1. Introduction

All matter is made of atoms. Atoms have a nucleus, consisting of protons and neutrons, surrounded by electrons. The nucleus is concentrated in a very small space, about 10−15 m. An entire atom is on the order of 10−10 m, so the electrons are relatively far from the nucleus, and, strangely enough, atoms are mostly empty space.
Physicists have found that the electrons traveling around the atomic nucleus can have only certain specified energy levels. In other words, the energy levels of atomic electrons are quantized. When provided with more energy, the electrons can move from one energy level to another, but these different energy levels are not continuous—they come in discrete steps. This fundamental discovery is known as quantum mechanics. Quantum mechanics describes how an atom's electrons interact with electrons of other atoms and with photons.
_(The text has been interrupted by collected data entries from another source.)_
lemma vars_mult: "vars (p * q) \<subseteq> vars p \<union> vars q"
proof
  fix i assume "i \<in> vars (p * q)"
  then obtain m where m: "m \<in> Poly_Mapping.keys (p * q)" and i: "i \<in> Poly_Mapping.keys m"
    unfolding vars_def by blast
  from keys_mult m obtain a b where "m = a + b" "a \<in> Poly_Mapping.keys p" "b \<in> Poly_Mapping.keys q"
    by blast
  moreover have "Poly_Mapping.keys (a + b) \<subseteq> Poly_Mapping.keys a \<union> Poly_Mapping.keys b"
    by (rule keys_add)
  ultimately show "i \<in> vars p \<union> vars q"
    using i unfolding vars_def by blast
qed

lemma vars_Const [simp]: "vars (Const c) = {}"
  by (simp add: vars_def Const_def)

lemma vars_Var [simp]: "vars (Var i :: 'a::comm_ring_1 mpoly) = {i}"
  by (simp add: vars_def Var_def)

lemma vars_uminus [simp]: "vars (- p) = vars p"
  by (simp add: vars_def)

lemma vars_Const_mult: "vars (Const c * p) \<subseteq> vars p"
  using vars_mult[of "Const c" p] by simp

lemma vars_one [simp]: "vars (1 :: 'a::comm_ring_1 mpoly) = {}"
  using vars_Const[of 1] by simp

lemma vars_sum: "vars (sum f A) \<subseteq> (\<Union>x\<in>A. vars (f x))"
proof (induct A rule: infinite_finite_induct)
  case (insert x F)
  then show ?case
    using vars_add[of "f x" "sum f F"] by auto
qed (auto simp: vars_def)

lemma vars_prod: "vars (prod f A :: 'a::comm_ring_1 mpoly) \<subseteq> (\<Union>x\<in>A. vars (f x))"
proof (induct A rule: infinite_finite_induct)
  case (insert x F)
  then show ?case
    using vars_mult[of "f x" "prod f F"] by auto
qed auto

lemma vars_power: "vars ((p :: 'a::comm_ring_1 mpoly) ^ k) \<subseteq> vars p"
proof (induct k)
  case (Suc k)
  then show ?case
    using vars_mult[of p "p ^ k"] by auto
qed auto

lemma vars_subst: "vars (subst s p) \<subseteq> (\<Union>i\<in>vars p. vars (s i))"
  unfolding subst_eq_sum_monomial_value
proof (rule order_trans[OF vars_sum], rule UN_least)
  fix m assume m: "m \<in> Poly_Mapping.keys p"
  have "vars (Const (Poly_Mapping.lookup p m) * monomial_value s m) \<subseteq> vars (monomial_value s m)"
    by (rule vars_Const_mult)
  also have "\<dots> \<subseteq> (\<Union>i\<in>Poly_Mapping.keys m. vars (s i ^ Poly_Mapping.lookup m i))"
    unfolding monomial_value_def by (rule vars_prod)
  also have "\<dots> \<subseteq> (\<Union>i\<in>Poly_Mapping.keys m. vars (s i))"
    by (rule UN_mono[OF subset_refl vars_power])
  also have "\<dots> \<subseteq> (\<Union>i\<in>vars p. vars (s i))"
    by (rule UN_mono[OF _ subset_refl]) (use m in \<open>auto simp: vars_def\<close>)
  finally show "vars (Const (Poly_Mapping.lookup p m) * monomial_value s m)
      \<subseteq> (\<Union>i\<in>vars p. vars (s i))" .
qed

section \<open>The group GA_n\<close>

lemma pcomp_assoc: "pcomp (pcomp F G) H = pcomp F (pcomp G H)"
  by (simp add: pcomp_def subst_subst)

lemma pcomp_Var_left [simp]: "pcomp Var G = G"
  by (simp add: pcomp_def)

lemma pcomp_Var_right [simp]: "pcomp G Var = G"
  by (simp add: pcomp_def)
Atomic electrons at higher energy levels can also lose energy, dropping down to a lower energy level. Again, the electron moves from one allowed energy state to another. The lost energy can be carried away in the form of heat (vibrational energy) or in the form of light—when the electron reverts to a lower energy state, a photon of light is produced. The photon produced will have an energy equal to the difference between the electron's initial high energy state and the later lower-energy state. For visible light, we perceive these differences in photon energy as differences in the color of the light.
In this project, we will use a procedure that is similar to flame photometry to observe the color of light produced when various chemical compounds are burned. The experiment have to be performed carefully so that the flames stay small and under control.